Hi, Our female Herman, who we have had for 40 years, spent last year with another male that a friend of ours has. we have never had eggs before and last friday she just popped one out on the way out of her house. the next day she lay another on the lawn after having a bath. I have incubated them both, but what are the odds of them being fertile with no digging activity? also how long before i can tell if the eggs are fertile or not? thanks in advance


----------



## tortadise (Jul 16, 2014)

It's worth a shot to incubate them, even if layer on top of the ground. Herman's incubate rather quickly 3-4 weeks you should see development.


----------



## alimay (Jul 16, 2014)

thanks they are in an incubator. what should be the first thing i notice about the egg becoming fertile?


----------



## alimay (Jul 16, 2014)

forgot to mention they are in an incubator inside my house!


----------



## Tom (Jul 16, 2014)

Many tortoises will drop eggs on the surface when they are just starting to breed. I call this "priming the pump". I agree with Kelly. It is possible that they are fertile, but don't be overly disappointed if they are not. Chances are good that she will bury the next clutch.


----------



## Yellow Turtle01 (Jul 17, 2014)

Wooow, 40 years is a long time! Having my tort for only a couple, I guess I forgot how long this little guy will be with me! You could candle it after a few weeks to check if there is an embryo inside.


----------



## tortdad (Jul 17, 2014)

Keeping my fingers crossed for you


----------



## bouaboua (Jul 17, 2014)

Me too. Keep my finger crossed for you.


----------



## alimay (Jul 17, 2014)

im not holding out much hope for them as I think these are just taster eggs so to speak! Ill check them in a week.
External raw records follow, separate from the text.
lemma variadic_t_norm_value:
  assumes "xs \<in> tuples" "xs \<noteq> []"
  obtains a where "a \<in> I01" "H xs = Some a"
  using H assms unfolding variadic_t_norm_def valued_in_def eps_standard_def by blast

lemma variadic_t_norm_assoc:
  "x \<in> tuples \<Longrightarrow> y \<in> tuples \<Longrightarrow> z \<in> tuples \<Longrightarrow> H (x @ y @ z) = H (x @ opt_tuple (H y) @ z)"
  using H unfolding variadic_t_norm_def associative_op_def by blast

lemma variadic_t_norm_binary: "t_norm (\<lambda>x y. the (H [x, y]))"
  using H unfolding variadic_t_norm_def by blast

text \<open>Associativity gives H [1, x] = H [1, H [x]], and 1 is neutral for H_2.\<close>
lemma variadic_t_norm_singleton:
  assumes x: "x \<in> I01"
  shows "H [x] = Some x"
proof -
  obtain a where a: "a \<in> I01" "H [x] = Some a"
    using variadic_t_norm_value[of "[x]"] x by auto
  have "H [1, x] = H [1, a]"
    using variadic_t_norm_assoc[of "[1]" "[x]" "[]"] x a by (simp add: opt_tuple_def)
  then have "x = a"
    using t_norm_one_left[OF variadic_t_norm_binary] x a(1) by metis
  with a show ?thesis by simp
qed

end

context
  fixes F :: "real list \<Rightarrow> real" and f :: "real \<Rightarrow> real" and H :: "real list \<Rightarrow> real option"
  assumes H: "variadic_t_norm H" and fac: "flat_factorization F f H"
begin

lemma flat_factorizationD: "xs \<in> tuples \<Longrightarrow> xs \<noteq> [] \<Longrightarrow> F xs = f (the (H xs))"
  using fac by (simp add: flat_factorization_def)

lemma flat_factorization_unary: "x \<in> I01 \<Longrightarrow> F [x] = f x"
  using flat_factorizationD[of "[x]"] variadic_t_norm_singleton[OF H] by simp

lemma flat_factorization_binary: "x \<in> I01 \<Longrightarrow> y \<in> I01 \<Longrightarrow> F [x, y] = f (the (H [x, y]))"
  by (simp add: flat_factorizationD)
(* Let $(M,g)$ be a space-time satisfying Einstein's field equation $R_{ij}-\frac12 R g_{ij}+\Lambda g_{ij}=kT_{ij}$, and suppose its $\mathcal{W}^{\star}$-curvature tensor is covariantly constant, $\nabla_m\mathcal{W}^{\star}_{ijkl}=0$. Then $M$ is conformally semi-symmetric and the energy-momentum tensor $T_{ij}$ is semi-symmetric.
   Context: A space-time is a $4$-dimensional Lorentzian manifold $(M,g)$ with Levi-Civita connection $\nabla$. $R_{ijkl}$ denotes the components of the Riemann curvature tensor, with index conventions such that the Ricci tensor is $R_{jk}=g^{il}R_{ijkl}$; $R=g^{jk}R_{jk}$ is the scalar curvature. The $\mathcal{W}^{\star}$-curvature tensor is $\mathcal{W}^{\star}_{ijkl}=R_{ijkl}-\tfrac{1}{3}\left[g_{jk}R_{il}-g_{jl}R_{ik}\right]$. $\Lambda$ is a constant, $k\neq0$ a constant, $T_{ij}$ a symmetric $(0,2)$-tensor. A tensor $A$ is semi-symmetric if $(\nabla_\mu\nabla_\nu-\nabla_\nu\nabla_\mu)A=0$ for all indices; $M$ is conformally semi-symmetric if its Weyl conformal curvature tensor $\mathcal{C}_{ijkl}$ is semi-symmetric. *)

theory Defs
  imports "HOL-Analysis.Analysis"
begin

text \<open>A space-time is represented on a coordinate chart: an open set U of real^4 with a
smooth metric g (components g_ij as functions of the coordinates).\<close>

type_synonym point = "real^4"
type_synonym metric = "point \<Rightarrow> 4 \<Rightarrow> 4 \<Rightarrow> real"
type_synonym ctensor = "point \<Rightarrow> 4 list \<Rightarrow> real"  \<comment> \<open>covariant tensor field, indices as a list\<close>
lemma word_class_inv_letter:
  "inv\<^bsub>presented_group R\<^esub> (word_class R [(a, b)]) = word_class R [(a, \<not> b)]"
proof (rule G.inv_equality)
  have "pres_eq R [(a, \<not> b), (a, \<not> \<not> b)] []"
    using pres_eq.cancel[of R "[]" a "\<not> b" "[]"] by simp
  then show "word_class R [(a, \<not> b)] \<otimes>\<^bsub>presented_group R\<^esub> word_class R [(a, b)] = \<one>\<^bsub>presented_group R\<^esub>"
    by (simp add: word_class_append[symmetric] one_presented_group word_class_eqI)
qed simp_all

lemma word_class_inv_word:
  "word_class R (inv_word w) = inv\<^bsub>presented_group R\<^esub> (word_class R w)"
proof (induction w)
  case Nil
  then show ?case by (simp add: inv_word_def one_presented_group[symmetric])
next
  case (Cons x w)
  obtain a b where x: "x = (a, b)" by force
  have "inv_word (x # w) = inv_word w @ [(a, \<not> b)]" by (simp add: inv_word_def x)
  then show ?case
    using Cons word_class_append[of R "[x]" w]
    by (simp add: word_class_append word_class_inv_letter[symmetric] x G.inv_mult_group)
qed

lemma word_class_word_pow:
  "word_class R (word_pow w k) = word_class R w [^]\<^bsub>presented_group R\<^esub> k"
proof -
  have concat_replicate: "word_class R (concat (replicate n v)) = word_class R v [^]\<^bsub>presented_group R\<^esub> n"
    for n v
    by (induction n)
      (simp_all add: one_presented_group word_class_append G.nat_pow_Suc2 del: nat_pow_Suc G.nat_pow_Suc)
  show ?thesis
    by (simp add: word_pow_def concat_replicate word_class_inv_word G.nat_pow_inv int_pow_def2
        del: pow_nat)
qed

lemma presented_group_trivialI:
  assumes "\<And>a. word_class R (gen a) = \<one>\<^bsub>presented_group R\<^esub>"
  shows "carrier (presented_group R) = {\<one>\<^bsub>presented_group R\<^esub>}"
proof -
  have letter: "word_class R [(a, b)] = \<one>\<^bsub>presented_group R\<^esub>" for a b
    using assms[of a] word_class_inv_letter[of a True] by (cases b) (simp_all add: gen_def)
  have "word_class R w = \<one>\<^bsub>presented_group R\<^esub>" for w
  proof (induction w)
    case (Cons x w)
    then show ?case
      using word_class_append[of R "[x]" w] letter[of "fst x" "snd x"] by simp
  qed (simp add: one_presented_group)
  then show ?thesis by (auto simp: carrier_presented_group)
qed

end

lemma left_orderable_presented_group_generator:
  assumes "left_orderable (presented_group R)"
  obtains a where "word_class R (gen a) \<noteq> \<one>\<^bsub>presented_group R\<^esub>"
proof -
  have "group (presented_group R)" "carrier (presented_group R) \<noteq> {\<one>\<^bsub>presented_group R\<^esub>}"
    using assms unfolding left_orderable_def by blast+
  then show ?thesis using presented_group_trivialI that by metis
qed

definition torsion_free :: "('g, 'm) monoid_scheme \<Rightarrow> bool" where
  "torsion_free G \<longleftrightarrow>
     (\<forall>g\<in>carrier G. \<forall>n::nat. 0 < n \<longrightarrow> g [^]\<^bsub>G\<^esub> n = \<one>\<^bsub>G\<^esub> \<longrightarrow> g = \<one>\<^bsub>G\<^esub>)"
(* Let $\mathcal D$ be a finite nonempty set of cardinality $D$. For $n\ge1$ let $p_n$ be the dimension of the space of primitive elements of $\mathcal H^{\mathcal D}_{P,R}$ that are homogeneous of weight $n$, and $P(X)=\sum_np_nX^n$. Then $$P(X)=\frac{1-\sqrt{1-4DX}}{2},\qquad p_n=\frac{(2n-2)!}{n!\,(n-1)!}D^n=D^n\tau_n,$$ where $\tau_n$ is the number of undecorated planar rooted trees with $n$ vertices.
   Context: $\mathcal H^{\mathcal D}_{P,R}$ is the free associative unital $\mathbb Q$-algebra on the set of planar rooted trees (finite trees with a root, embedded in the plane, edges oriented away from the root) decorated by $\mathcal D$; its basis is the set of planar forests $t_1\cdots t_n$ ($1$ = empty forest), graded by weight (total number of vertices). Coproduct: $\Delta(F)=\sum_cP^c(F)\otimes R^c(F)$ over tuples $c=(c_i)$, each $c_i$ the empty cut of $t_i$ ($P=1,R=t_i$), the total cut ($P=t_i,R=1$), or an admissible cut (a nonempty set of edges of $t_i$ such that every oriented path meets at most one of them, with $R^{c_i}(t_i)$ the component of the root and $P^{c_i}(t_i)$ the left-to-right planar forest of the other components); $P^c(F)=\prod P^{c_i}(t_i)$, $R^c(F)=\prod R^{c_i}(t_i)$. An element $x$ is primitive if $\Delta(x)=x\otimes1+1\otimes x$. *)

theory Defs
  imports "HOL-Analysis.Analysis" "HOL-Library.Poly_Mapping"
begin

datatype 'd ptree = Node 'd "'d ptree list"

text \<open>Planar forests = words of trees; the empty list is the unit (empty forest).\<close>
type_synonym 'd pforest = "'d ptree list"

fun tsize :: "'d ptree \<Rightarrow> nat" where
  "tsize (Node d ts) = Suc (sum_list (map tsize ts))"

definition fweight :: "'d pforest \<Rightarrow> nat" where
  "fweight F = sum_list (map tsize F)"

text \<open>Vertices are addressed by paths from the root (list of child indices).
  Each non-root vertex is identified with the edge entering it.\<close>
fun subtree :: "'d ptree \<Rightarrow> nat list \<Rightarrow> 'd ptree option" where
  "subtree t [] = Some t"
| "subtree (Node d ts) (i # p) = (if i < length ts then subtree (ts ! i) p else None)"

definition verts :: "'d ptree \<Rightarrow> nat list set" where
  "verts t = {p. subtree t p \<noteq> None}"

text \<open>Admissible cut: a nonempty set of edges (given by their lower vertices) such that
  every oriented path meets at most one of them.\<close>
definition admissible_cut :: "'d ptree \<Rightarrow> nat list set \<Rightarrow> bool" where
  "admissible_cut t S \<longleftrightarrow> S \<noteq> {} \<and> S \<subseteq> verts t - {[]} \<and>
     (\<forall>p r. p \<in> S \<and> p @ r \<in> S \<longrightarrow> r = [])"

text \<open>Root component R and planar forest P of the cut-off components.\<close>
fun cutR :: "'d ptree \<Rightarrow> nat list set \<Rightarrow> 'd ptree"
and cutRs :: "nat \<Rightarrow> 'd ptree list \<Rightarrow> nat list set \<Rightarrow> 'd ptree list" where
  "cutR (Node d ts) S = Node d (cutRs 0 ts S)"
| "cutRs i [] S = []"
| "cutRs i (t # ts) S = (if [i] \<in> S then cutRs (Suc i) ts S
      else cutR t {p. i # p \<in> S} # cutRs (Suc i) ts S)"

fun cutP :: "'d ptree \<Rightarrow> nat list set \<Rightarrow> 'd pforest"
and cutPs :: "nat \<Rightarrow> 'd ptree list \<Rightarrow> nat list set \<Rightarrow> 'd pforest" where
  "cutP (Node d ts) S = cutPs 0 ts S"
| "cutPs i [] S = []"
| "cutPs i (t # ts) S = (if [i] \<in> S then t # cutPs (Suc i) ts S
      else cutP t {p. i # p \<in> S} @ cutPs (Suc i) ts S)"

datatype cut_choice = EmptyCut | TotalCut | AdmCut "nat list set"

definition valid_cut :: "'d ptree \<Rightarrow> cut_choice \<Rightarrow> bool" where
  "valid_cut t c = (case c of EmptyCut \<Rightarrow> True | TotalCut \<Rightarrow> True
      | AdmCut S \<Rightarrow> admissible_cut t S)"

definition cutPR :: "'d ptree \<Rightarrow> cut_choice \<Rightarrow> 'd pforest \<times> 'd pforest" where
  "cutPR t c = (case c of EmptyCut \<Rightarrow> ([], [t]) | TotalCut \<Rightarrow> ([t], [])
      | AdmCut S \<Rightarrow> (cutP t S, [cutR t S]))"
In the mean time Im watching her like a hawk, she has a large soil patch on a slope, which she is basking in the same position that she would dig and lay. fingers crossed we will get a real clutch soon.

Ill let you all know what happens with the two eggs


----------



## Wanda (Jul 18, 2014)

I have found that the very first sign that an egg is fertile is that it chalks over. A small whiter spot appears at the top of the egg and grows bigger to form a band around the egg. I have seen this start as early as two days into incubation


----------



## alimay (Jul 19, 2014)

thanks for all your replies! 

there is an air bubble I can see and one end is darker than the rest! I dont hold much hope for them though. 
On the upside I have caught her digging with her back feet today and wandering round constantly, so I think tomorrow we should have a real clutch to incubate!! eggciting times


----------